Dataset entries
════

(* (1) Let $T_{ab|cd}$ be the binary 4-taxon tree with split $ab|cd$, and consider the $2$-state GM+I model on it. Then the cubic polynomials $$f_1=\det\begin{pmatrix} p_{1112} & p_{1121} & p_{1122}\\ p_{1212} & p_{1221} & p_{1222}\\ p_{2112} & p_{2121} & p_{2122}\end{pmatrix},\qquad f_2=\det\begin{pmatrix} p_{1211} & p_{1212} & p_{1221}\\ p_{2111} & p_{2112} & p_{2121}\\ p_{2211} & p_{2212} & p_{2221}\end{pmatrix}$$ are phylogenetic invariants. (These are the two $3\times 3$ minors of the flattening $F_{ab|cd}$ that involve neither $p_{1111}$ nor $p_{2222}$.) (2) More generally, let $n\ge 4$, $\kappa\ge 2$, and consider the $\kappa$-state GM+I model on an $n$-taxon tree $T$. Then for each edge $e$ of $T$, every $(\kappa+1)\times(\kappa+1)$ minor of the flattening $F_e$ of $P$ that involves none of the entries $p_{ii\dots i}$, $i\in\{1,\dots,\kappa\}$, is a phylogenetic invariant.
   Context: An $n$-taxon tree is a tree whose $n$ leaves are labeled by taxa $a_1,\dots,a_n$ and whose internal vertices all have valence at least 3; it is binary if all internal vertices have valence 3. The $\kappa$-state GM+I (general Markov plus invariable sites) model on $T$ with edge set $E$ has parameters: $\delta\in[0,1]$; a probability vector $\pi_I\in[0,1]^\kappa$; a probability vector $\pi_{GM}$ (root distribution) at a chosen root vertex $r$; and for each edge $e=(v\to w)$ (edges directed away from $r$) a $\kappa\times\kappa$ Markov matrix $M_e$ (nonnegative entries, rows summing to 1). The joint distribution at the leaves is the $n$-dimensional $\kappa\times\dots\times\kappa$ array $P=\phi_T(\mathbf s)$ with entries $$p_{i_1\dots i_n}=\delta\,\epsilon(i_1,\dots,i_n)\pi_I(i_1)+(1-\delta)\sum_{(j_v)}\pi_{GM}(j_r)\prod_{e=(u\to w)\in E}M_e(j_u,j_w),$$ where $\epsilon(i_1,\dots,i_n)=1$ if all $i_k$ are equal and $0$ otherwise, and the sum runs over all assignments of states $j_v\in\{1,\dots,\kappa\}$ to all vertices $v$ of $T$ with $j_v=i_k$ when $v$ is the leaf labeled $a_k$. The entries are polynomials in the parameters; extend $\phi_T$ to complex parameter values by the same formulas. A phylogenetic invariant is a polynomial in the $\kappa^n$ indeterminates $p_{i_1\dots i_n}$ vanishing on $\phi_T(\mathbf s)$ for all stochastic parameters $\mathbf s$ (equivalently, on the image of the complexified map). For an edge $e$ of $T$ inducing the split of the taxa into sets $A|B$, the flattening $F_e$ is the $\kappa^{|A|}\times\kappa^{|B|}$ matrix whose rows are indexed by state assignments to taxa in $A$, columns by state assignments to taxa in $B$, with entry the corresponding $p_{i_1\dots i_n}$. For $T_{ab|cd}$ with indices in taxon order $a,b,c,d$, $F_{ab|cd}$ is the $4\times4$ matrix with rows indexed by $ab$-states $11,12,21,22$ and columns by $cd$-states $11,12,21,22$. *)

theory Defs
  imports "Jordan_Normal_Form.Determinant" "HOL-Library.FuncSet"
begin
lemma pert_p_cont: "continuous_on (Icr R) (pert_p \<rho>0 p0 c)"
  by (rule continuous_on_eq[where f = "\<lambda>r. p0 r - pert_u c r * (1 + 2 * w r)"])
    (auto intro!: continuous_intros p0_cont pert_u_cont w_cont simp: pert_p_eq)

lemma mass_pert_rho: "r \<in> Icr R \<Longrightarrow> mass (pert_rho \<rho>0 p0 c) r = pert_m \<rho>0 p0 c r"
  by (rule mass_eq_if_has_real_derivative[OF pert_m_cont])
    (auto simp: pert_m_eq pert_rho_eq Icr_pos_subset_Icr[THEN subsetD] intro: pert_m_deriv)

lemma gfun_pert:
  assumes r: "r \<in> Icr R" and m: "r > 0 \<longrightarrow> 1 - 2 * pert_m \<rho>0 p0 c r / r > 0"
  shows "gfun (pert_m \<rho>0 p0 c) (pert_p \<rho>0 p0 c) r = g0 r"
proof (cases "r = 0")
  case False
  with r have "r \<in> Icr_pos R" by (auto simp: Icr_pos_def Icr_def)
  with m show ?thesis
    using pert_p_eq[OF r] by (subst gfun_eq_g0_iff[OF _ pert_m_eq]) (auto simp: mem_Icr_pos)
qed (simp add: gfun_def)

lemma pert_p_deriv:
  assumes r: "r \<in> Icr_pos R"
  shows "(pert_p \<rho>0 p0 c has_real_derivative
           - (pert_rho \<rho>0 p0 c r + pert_p \<rho>0 p0 c r) * g0 r) (at r)"
proof -
  have rI: "r \<in> Icr R" and r0: "r \<noteq> 0"
    using r Icr_pos_subset_Icr by (auto simp: mem_Icr_pos)
  have "((\<lambda>x. p0 x - pert_u c x * (1 + 2 * w x)) has_real_derivative
      - ((\<rho>0 r + 3 * pert_u c r + r * (kappa r / r * pert_u c r))
         + (p0 r - pert_u c r * (1 + 2 * w r))) * g0 r) (at r)"
    using r0 by (subst pressure_deriv_iff[OF r pert_u_deriv[OF r]]) simp
  then have "((\<lambda>x. p0 x - pert_u c x * (1 + 2 * w x)) has_real_derivative
      - (pert_rho \<rho>0 p0 c r + pert_p \<rho>0 p0 c r) * g0 r) (at r)"
    using r0 by (simp add: pert_rho_eq[OF rI] pert_p_eq[OF rI] algebra_simps)
  then show ?thesis
    by (rule has_field_derivative_transform_within_open[OF _ open_Icr_pos r])
      (simp add: pert_p_eq Icr_pos_subset_Icr[THEN subsetD])
qed

lemma dp_explicit:
  assumes "r \<in> Icr R"
  shows "dp \<rho>0 p0 c r = (- c / 3) / (1 + r * g0 r)^2
            * (1 + 8 * pi * p0 r * r^2) / (1 - 2 * mass \<rho>0 r / r) * Phi \<rho>0 p0 r"
proof (cases "r = 0")
  case False
  have "1 + r * g0 r \<noteq> 0" using pos assms by force
  with False show ?thesis by (simp add: dp_def dm_def field_simps)
qed (simp add: dp_def Phi_def)

lemma TOV_regular_pert:
  assumes "\<forall>r\<in>Icr R. r > 0 \<longrightarrow> 1 - 2 * pert_m \<rho>0 p0 c r / r > 0"
  shows "TOV_regular R (pert_rho \<rho>0 p0 c) (pert_p \<rho>0 p0 c)"
  unfolding TOV_regular_def
proof (intro conjI ballI impI pert_rho_cont pert_p_cont)
  fix r assume r: "r \<in> Icr R" "r > 0"
  then have m: "mass (pert_rho \<rho>0 p0 c) r = pert_m \<rho>0 p0 c r"
    by (simp add: mass_pert_rho)
  with r assms show "1 - 2 * mass (pert_rho \<rho>0 p0 c) r / r > 0"
    by simp
  have "gfun (mass (pert_rho \<rho>0 p0 c)) (pert_p \<rho>0 p0 c) r = g0 r"
    using gfun_pert[OF r(1)] assms r by (simp add: gfun_def m)
  with r show "(pert_p \<rho>0 p0 c has_real_derivative - (pert_rho \<rho>0 p0 c r + pert_p \<rho>0 p0 c r)
      * gfun (mass (pert_rho \<rho>0 p0 c)) (pert_p \<rho>0 p0 c) r) (at r)"
    using pert_p_deriv[of r c] by (simp add: mem_Icr_pos)
qed

definition "mass_excess \<rho> r = (mass_over_cube \<rho> r - a0 r) / (4 * pi)"

lemma mass_eq_mass_excess: "mass \<rho> r = r^3 * (a0 r + 4 * pi * mass_excess \<rho> r)"
  by (simp add: mass_excess_def mass_eq_cube_mult)

lemma mass_excess_0: "mass_excess \<rho> 0 = (\<rho> 0 - \<rho>0 0) / 3"
  by (simp add: mass_excess_def a0_def mass_over_cube_def field_simps)

lemma mass_excess_cont:
  "continuous_on (Icr R) \<rho> \<Longrightarrow> continuous_on (Icr R) (mass_excess \<rho>)"
  unfolding mass_excess_def[abs_def]
  by (intro continuous_intros continuous_on_mass_over_cube a0_cont) auto

lemma mass_excess_deriv:
  assumes \<rho>: "continuous_on (Icr R) \<rho>" and r: "r \<in> Icr_pos R"
  shows "(mass_excess \<rho> has_real_derivative (\<rho> r - \<rho>0 r - 3 * mass_excess \<rho> r) / r) (at r)"
  unfolding mass_excess_def[abs_def]
  by (rule DERIV_cong[OF DERIV_cdivide[OF DERIV_diff[OF
        has_real_derivative_mass_over_cube[OF \<rho> r] a0_deriv[OF r]]]])
    (use r in \<open>simp add: mem_Icr_pos field_simps\<close>)

context
  fixes \<rho> p :: "real \<Rightarrow> real"
  assumes sol: "TOV_regular R \<rho> p"
    and same_g: "\<And>r. r \<in> Icr R \<Longrightarrow> gfun (mass \<rho>) p r = g0 r"
begin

════

What you have to do => Your answer should hold exactly the lines from the one containing "r = (mass_over_cube" through the end of the entries above, and nothing else.

Solution below =>
definition "mass_excess \<rho> r = (mass_over_cube \<rho> r - a0 r) / (4 * pi)"

lemma mass_eq_mass_excess: "mass \<rho> r = r^3 * (a0 r + 4 * pi * mass_excess \<rho> r)"
  by (simp add: mass_excess_def mass_eq_cube_mult)

lemma mass_excess_0: "mass_excess \<rho> 0 = (\<rho> 0 - \<rho>0 0) / 3"
  by (simp add: mass_excess_def a0_def mass_over_cube_def field_simps)

lemma mass_excess_cont:
  "continuous_on (Icr R) \<rho> \<Longrightarrow> continuous_on (Icr R) (mass_excess \<rho>)"
  unfolding mass_excess_def[abs_def]
  by (intro continuous_intros continuous_on_mass_over_cube a0_cont) auto

lemma mass_excess_deriv:
  assumes \<rho>: "continuous_on (Icr R) \<rho>" and r: "r \<in> Icr_pos R"
  shows "(mass_excess \<rho> has_real_derivative (\<rho> r - \<rho>0 r - 3 * mass_excess \<rho> r) / r) (at r)"
  unfolding mass_excess_def[abs_def]
  by (rule DERIV_cong[OF DERIV_cdivide[OF DERIV_diff[OF
        has_real_derivative_mass_over_cube[OF \<rho> r] a0_deriv[OF r]]]])
    (use r in \<open>simp add: mem_Icr_pos field_simps\<close>)

context
  fixes \<rho> p :: "real \<Rightarrow> real"
  assumes sol: "TOV_regular R \<rho> p"
    and same_g: "\<And>r. r \<in> Icr R \<Longrightarrow> gfun (mass \<rho>) p r = g0 r"
begin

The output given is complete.